Work to complete: Using the listing below, retype exactly the lines starting at the one with "with assms(2) obtain" and ending at the one with "by (auto simp: in_set_conv_nth", and include both.

[Record set Boundary: Start]

lemma product_decomp_covers_edge:
  assumes "graph VB EB" "e \<in> EA \<union> EB"
    and attach_range: "\<And>d. d \<in> VB \<Longrightarrow> d \<notin> VA \<Longrightarrow> f d < length PA"
    and inside: "\<And>x y. {x, y} \<in> EB \<Longrightarrow> x \<in> VA \<Longrightarrow> y \<in> VA \<Longrightarrow> {x, y} \<in> EA"
    and attach: "\<And>x y. {x, y} \<in> EB \<Longrightarrow> x \<in> VA \<Longrightarrow> y \<notin> VA \<Longrightarrow> x \<in> PA ! f y"
    and outside: "\<And>x y. {x, y} \<in> EB \<Longrightarrow> x \<notin> VA \<Longrightarrow> y \<notin> VA \<Longrightarrow> f x = f y"
  shows "\<exists>b\<in>set (product_decomp VA f PA PB). e \<subseteq> b"
proof -
  have cover_A: "\<exists>b\<in>set (product_decomp VA f PA PB). e \<subseteq> b" if "e \<in> EA" for e
    using path_decomp_edge[OF PA_decomp that] product_decomp_covers_PA_bag by blast
  have cover_attached: "\<exists>b\<in>set (product_decomp VA f PA PB). {x, y} \<subseteq> b"
    if xy: "{x, y} \<in> EB" "x \<in> VA" "y \<notin> VA" for x y
  proof -
    have "y \<in> VB"
      using \<open>graph VB EB\<close> xy(1) by (auto simp: graph_def)
    then obtain t where "t < length PB" "y \<in> PB ! t"
      using path_decomp_vertex[OF PB_decomp] by blast
    then show ?thesis
      using xy attach attach_range[OF \<open>y \<in> VB\<close>] by (intro product_decomp_covers[of "f y" t]) auto
  qed
  have cover_outside: "\<exists>b\<in>set (product_decomp VA f PA PB). {x, y} \<subseteq> b"
    if xy: "{x, y} \<in> EB" "x \<notin> VA" "y \<notin> VA" for x y
  proof -
    have "x \<in> VB"
      using \<open>graph VB EB\<close> xy(1) by (auto simp: graph_def)
    obtain t where "t < length PB" "{x, y} \<subseteq> PB ! t"
      using path_decomp_edge[OF PB_decomp xy(1)] by blast
    then show ?thesis
      using xy outside attach_range[OF \<open>x \<in> VB\<close>] by (intro product_decomp_covers_PB_bag) auto
  qed
  show ?thesis
  proof (cases "e \<in> EA")
    case False
    with assms(2) obtain x y where e: "e = {x, y}" "{x, y} \<in> EB"
      using \<open>graph VB EB\<close> unfolding graph_def by (metis UnE card_2_iff)
    then consider "x \<in> VA" "y \<in> VA" | "x \<in> VA" "y \<notin> VA" | "x \<notin> VA" "y \<in> VA"
      | "x \<notin> VA" "y \<notin> VA"
      by blast
    then show ?thesis
      using e cover_A[OF inside] cover_attached cover_attached[of y x] cover_outside
      by cases (simp_all add: insert_commute)
  qed (rule cover_A)
qed

lemma path_decomp_product:
  assumes "graph VB EB"
    and attach_range: "\<And>d. d \<in> VB \<Longrightarrow> d \<notin> VA \<Longrightarrow> f d < length PA"
    and inside: "\<And>x y. {x, y} \<in> EB \<Longrightarrow> x \<in> VA \<Longrightarrow> y \<in> VA \<Longrightarrow> {x, y} \<in> EA"
    and attach: "\<And>x y. {x, y} \<in> EB \<Longrightarrow> x \<in> VA \<Longrightarrow> y \<notin> VA \<Longrightarrow> x \<in> PA ! f y"
    and outside: "\<And>x y. {x, y} \<in> EB \<Longrightarrow> x \<notin> VA \<Longrightarrow> y \<notin> VA \<Longrightarrow> f x = f y"
  shows "path_decomp (VA \<union> VB) (EA \<union> EB) (product_decomp VA f PA PB)"
proof -
  let ?R = "product_decomp VA f PA PB"
  have PB_nonempty: "0 < length PB"
    using PB_decomp by (simp add: path_decomp_def)
  have bags: "b \<subseteq> VA \<union> VB" if "b \<in> set ?R" for b
  proof
    fix v assume "v \<in> b"
    with that obtain p where "p < length PA * length PB" "v \<in> ?R ! p"
      by (auto simp: in_set_conv_nth product_decomp_length)
    then show "v \<in> VA \<union> VB"
      using path_decomp_bag_subset[OF PB_decomp, of "p mod length PB"] PB_nonempty
      by (auto simp: product_decomp_mem split: if_splits)
  qed
  show ?thesis
    unfolding path_decomp_def
  proof (intro conjI ballI)
    show "?R \<noteq> []"
      using PA_decomp PB_nonempty by (simp add: path_decomp_def product_decomp_def)
    show "b \<subseteq> VA \<union> VB" if "b \<in> set ?R" for b
      using that by (rule bags)
    show "\<exists>b\<in>set ?R. e \<subseteq> b" if "e \<in> EA \<union> EB" for e
      using product_decomp_covers_edge[OF assms(1) that attach_range inside attach outside] .
    show "\<exists>p<length ?R. v \<in> ?R ! p" if "v \<in> VA \<union> VB" for v
      using that attach_range by (intro product_decomp_covers_vertex) auto
    show "\<forall>i j l. i \<le> j \<and> j \<le> l \<and> l < length ?R \<and> v \<in> ?R ! i \<and> v \<in> ?R ! l
        \<longrightarrow> v \<in> ?R ! j" for v
      using product_decomp_interval by (auto simp: product_decomp_length)
  qed
qed

end

definition anchors :: "'a set \<Rightarrow> 'a set set \<Rightarrow> 'a \<Rightarrow> 'a set" where
  "anchors VA EB d = {a \<in> VA. \<exists>d'. reach {e \<in> EB. e \<inter> VA = {}} d d' \<and> {d', a} \<in> EB}"

lemma anchors_edge: "{x, y} \<in> EB \<Longrightarrow> x \<in> VA \<Longrightarrow> x \<in> anchors VA EB y"
  by (auto simp: anchors_def reach_def insert_commute)

lemma anchors_edge_outside:
  assumes "{x, y} \<in> EB" "x \<notin> VA" "y \<notin> VA"
  shows "anchors VA EB x = anchors VA EB y"
proof -
  have "{x, y} \<in> {e \<in> EB. e \<inter> VA = {}}"
    using assms by auto
  then have "reach {e \<in> EB. e \<inter> VA = {}} x y" "reach {e \<in> EB. e \<inter> VA = {}} y x"
    by (auto intro: reach_edge reach_sym)
  then show ?thesis
    unfolding anchors_def by (blast intro: reach_trans)
qed

lemma acyclic_anchors_subsingleton:
  assumes acyclic: "\<nexists>cs. is_cycle E cs"
    and A: "connected_graph VA EA" "EA \<subseteq> E" and "EB \<subseteq> E" and "d \<notin> VA"
  obtains a where "anchors VA EB d \<subseteq> {a}"
proof (cases "anchors VA EB d = {}")
  case False
  then obtain a d1 where a: "a \<in> VA" "reach {e \<in> EB. e \<inter> VA = {}} d d1" "{d1, a} \<in> EB"
    by (auto simp: anchors_def)
  have EB_out: "{e \<in> EB. e \<inter> VA = {}} \<subseteq> E" "\<forall>e\<in>{e \<in> EB. e \<inter> VA = {}}. e \<inter> VA = {}"
    using \<open>EB \<subseteq> E\<close> by auto
  have "b = a" if "b \<in> VA" "reach {e \<in> EB. e \<inter> VA = {}} d d2" "{d2, b} \<in> EB" for b d2
    using acyclic_unique_attachment[OF acyclic A EB_out \<open>d \<notin> VA\<close> _ a(2)] that a \<open>EB \<subseteq> E\<close>
    by blast
  then have "anchors VA EB d \<subseteq> {a}"
    by (auto simp: anchors_def)
  then show thesis ..
qed blast

lemma acyclic_attachment_function:
  assumes acyclic: "\<nexists>cs. is_cycle E cs"
    and A: "connected_graph VA EA" "EA \<subseteq> E" and "EB \<subseteq> E"
    and PA: "path_decomp VA EA PA"
  obtains f where "\<And>d. d \<notin> VA \<Longrightarrow> f d < length PA"
    and "\<And>x y. {x, y} \<in> EB \<Longrightarrow> x \<in> VA \<Longrightarrow> y \<notin> VA \<Longrightarrow> x \<in> PA ! f y"
    and "\<And>x y. {x, y} \<in> EB \<Longrightarrow> x \<notin> VA \<Longrightarrow> y \<notin> VA \<Longrightarrow> f x = f y"
proof -
  have anchor_bag: "\<exists>j<length PA. anchors VA EB d \<subseteq> PA ! j" if d: "d \<notin> VA" for d
  proof -
    obtain a where a: "anchors VA EB d \<subseteq> {a}"
      using acyclic_anchors_subsingleton[OF acyclic A \<open>EB \<subseteq> E\<close> d] .
    show ?thesis
    proof (cases "a \<in> VA")
      case True
      then show ?thesis
        using a path_decomp_vertex[OF PA] by blast
    next
      case False
      then have "anchors VA EB d = {}"
        using a by (auto simp: anchors_def)
      then show ?thesis
        using PA by (auto simp: path_decomp_def)
    qed
  qed
  define f where "f d = (SOME j. j < length PA \<and> anchors VA EB d \<subseteq> PA ! j)" for d
  have f: "f d < length PA" "anchors VA EB d \<subseteq> PA ! f d" if "d \<notin> VA" for d
    using someI_ex[OF anchor_bag[OF that]] unfolding f_def by blast+
  show thesis
  proof (rule that[of f])
    show "x \<in> PA ! f y" if "{x, y} \<in> EB" "x \<in> VA" "y \<notin> VA" for x y
      using anchors_edge[OF that(1,2)] f(2)[OF that(3)] by blast
    show "f x = f y" if "{x, y} \<in> EB" "x \<notin> VA" "y \<notin> VA" for x y
      using anchors_edge_outside[OF that] by (simp add: f_def)
  qed (rule f(1))
qed

lemma pathwidth_Un_le:
  assumes acyclic: "\<nexists>cs. is_cycle E cs"
    and A: "connected_graph VA EA" "EA \<subseteq> E"
    and B: "graph VB EB" "EB \<subseteq> E"
  shows "pathwidth (VA \<union> VB) (EA \<union> EB) \<le> pathwidth VA EA + pathwidth VB EB + 1"
proof -
  obtain PA where PA: "path_decomp VA EA PA" "pd_width PA = pathwidth VA EA"
    using optimal_path_decomp A(1) by (auto simp: connected_graph_def)
  obtain PB where PB: "path_decomp VB EB PB" "pd_width PB = pathwidth VB EB"
    using optimal_path_decomp B(1) by auto
  obtain f where f: "\<And>d. d \<notin> VA \<Longrightarrow> f d < length PA"
    "\<And>x y. {x, y} \<in> EB \<Longrightarrow> x \<in> VA \<Longrightarrow> y \<notin> VA \<Longrightarrow> x \<in> PA ! f y"
    "\<And>x y. {x, y} \<in> EB \<Longrightarrow> x \<notin> VA \<Longrightarrow> y \<notin> VA \<Longrightarrow> f x = f y"
    using acyclic_attachment_function[OF acyclic A B(2) PA(1)] by blast
  have inside: "{x, y} \<in> EA" if "{x, y} \<in> EB" "x \<in> VA" "y \<in> VA" for x y
  proof -
    have "x \<noteq> y"
      using B(1) that(1) by (auto simp: graph_def)
    then show ?thesis
      using acyclic_chord_in_connected[OF acyclic A] that B(2) by blast
  qed
  have "path_decomp (VA \<union> VB) (EA \<union> EB) (product_decomp VA f PA PB)"
    using path_decomp_product[OF PA(1) PB(1) B(1)] f inside by blast
  then have "pathwidth (VA \<union> VB) (EA \<union> EB) \<le> pd_width (product_decomp VA f PA PB)"
    by (rule pathwidth_le)
  also have "\<dots> \<le> pd_width PA + pd_width PB + 1"
    using pd_width_product_decomp[OF PA(1) PB(1)] B(1) by (simp add: graph_def)
  finally show ?thesis
    using PA(2) PB(2) by simp
qed

lemma connected_graph_Un:
  assumes "connected_graph V1 E1" "connected_graph V2 E2" "V1 \<inter> V2 \<noteq> {}"
  shows "connected_graph (V1 \<union> V2) (E1 \<union> E2)"
proof -
  obtain c where c: "c \<in> V1" "c \<in> V2"
    using assms(3) by blast
  have "graph (V1 \<union> V2) (E1 \<union> E2)"
    using assms(1,2) by (auto simp: connected_graph_def graph_def)
  moreover have "reach (E1 \<union> E2) c v" if "v \<in> V1 \<union> V2" for v
    using that assms(1,2) c by (auto simp: connected_graph_def intro: reach_mono)
  then have "reach (E1 \<union> E2) u v" if "u \<in> V1 \<union> V2" "v \<in> V1 \<union> V2" for u v
    using that by (blast intro: reach_trans reach_sym)
  ultimately show ?thesis
    using c by (auto simp: connected_graph_def)
qed
(* Assume $\mathsf{X}=\mathsf{Y}$ is finite and $D\ge0$ with $\mathcal{G}(D)\neq\emptyset$. Let $P^*_{X,Y}\in\mathcal{G}(D)$ attain $I(\mu\|\psi,D)=\min\{I(X;Y):P_{X,Y}\in\mathcal{G}(D)\}$, and let $H^*(Y|X)$ be the conditional entropy under $P^*_{X,Y}$. Then for every $R_c\ge H^*(Y|X)$, $$\min\{R:(R,R_c)\in\mathcal{L}(D)\}=I(\mu\|\psi,D),$$ and $\{R:(R,R_c)\in\mathcal{L}(D)\}=\{R: R\ge I(\mu\|\psi,D)\}$, which is also the set of $R$ for which $(R,R_c')\in\mathcal{L}(D)$ for some $R_c'$ arbitrarily large.
   Context: $\mathsf{X}=\mathsf{Y}$ finite, $\rho$ a distortion measure, $\mu,\psi$ distributions on $\mathsf{X}$. $\mathcal{G}(D):=\{P_{X,Y}: P_X=\mu,\ P_Y=\psi,\ \mathbb{E}[\rho(X,Y)]\le D\}$. $\mathcal{M}(D):=\{P_{X,Y,U}: P_X=\mu,\ P_Y=\psi,\ \mathbb{E}[\rho(X,Y)]\le D,\ X-U-Y\text{ Markov},\ |\mathsf{U}|\le|\mathsf{X}|+|\mathsf{Y}|+1\}$, and $\mathcal{L}(D):=\{(R,R_c)\in\mathbb{R}^2:\exists P_{X,Y,U}\in\mathcal{M}(D)\text{ with } R\ge I(X;U),\ R+R_c\ge I(Y;U)\}$. *)

theory Defs
  imports "HOL-Analysis.Analysis"
begin

(* Finite alphabets: X = Y is the finite type 'a; the auxiliary alphabet U is
   {..< u_bound TYPE('a)} (a set of naturals), i.e. |U| <= |X| + |Y| + 1.
   Distributions are nonnegative real-valued mass functions. *)

definition is_dist :: "('a::finite \<Rightarrow> real) \<Rightarrow> bool" where
  "is_dist p \<longleftrightarrow> (\<forall>x. 0 \<le> p x) \<and> (\<Sum>x\<in>UNIV. p x) = 1"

[Record set Boundary: End]

Result below:
    with assms(2) obtain x y where e: "e = {x, y}" "{x, y} \<in> EB"
      using \<open>graph VB EB\<close> unfolding graph_def by (metis UnE card_2_iff)
    then consider "x \<in> VA" "y \<in> VA" | "x \<in> VA" "y \<notin> VA" | "x \<notin> VA" "y \<in> VA"
      | "x \<notin> VA" "y \<notin> VA"
      by blast
    then show ?thesis
      using e cover_A[OF inside] cover_attached cover_attached[of y x] cover_outside
      by cases (simp_all add: insert_commute)
  qed (rule cover_A)
qed

lemma path_decomp_product:
  assumes "graph VB EB"
    and attach_range: "\<And>d. d \<in> VB \<Longrightarrow> d \<notin> VA \<Longrightarrow> f d < length PA"
    and inside: "\<And>x y. {x, y} \<in> EB \<Longrightarrow> x \<in> VA \<Longrightarrow> y \<in> VA \<Longrightarrow> {x, y} \<in> EA"
    and attach: "\<And>x y. {x, y} \<in> EB \<Longrightarrow> x \<in> VA \<Longrightarrow> y \<notin> VA \<Longrightarrow> x \<in> PA ! f y"
    and outside: "\<And>x y. {x, y} \<in> EB \<Longrightarrow> x \<notin> VA \<Longrightarrow> y \<notin> VA \<Longrightarrow> f x = f y"
  shows "path_decomp (VA \<union> VB) (EA \<union> EB) (product_decomp VA f PA PB)"
proof -
  let ?R = "product_decomp VA f PA PB"
  have PB_nonempty: "0 < length PB"
    using PB_decomp by (simp add: path_decomp_def)
  have bags: "b \<subseteq> VA \<union> VB" if "b \<in> set ?R" for b
  proof
    fix v assume "v \<in> b"
    with that obtain p where "p < length PA * length PB" "v \<in> ?R ! p"
      by (auto simp: in_set_conv_nth product_decomp_length)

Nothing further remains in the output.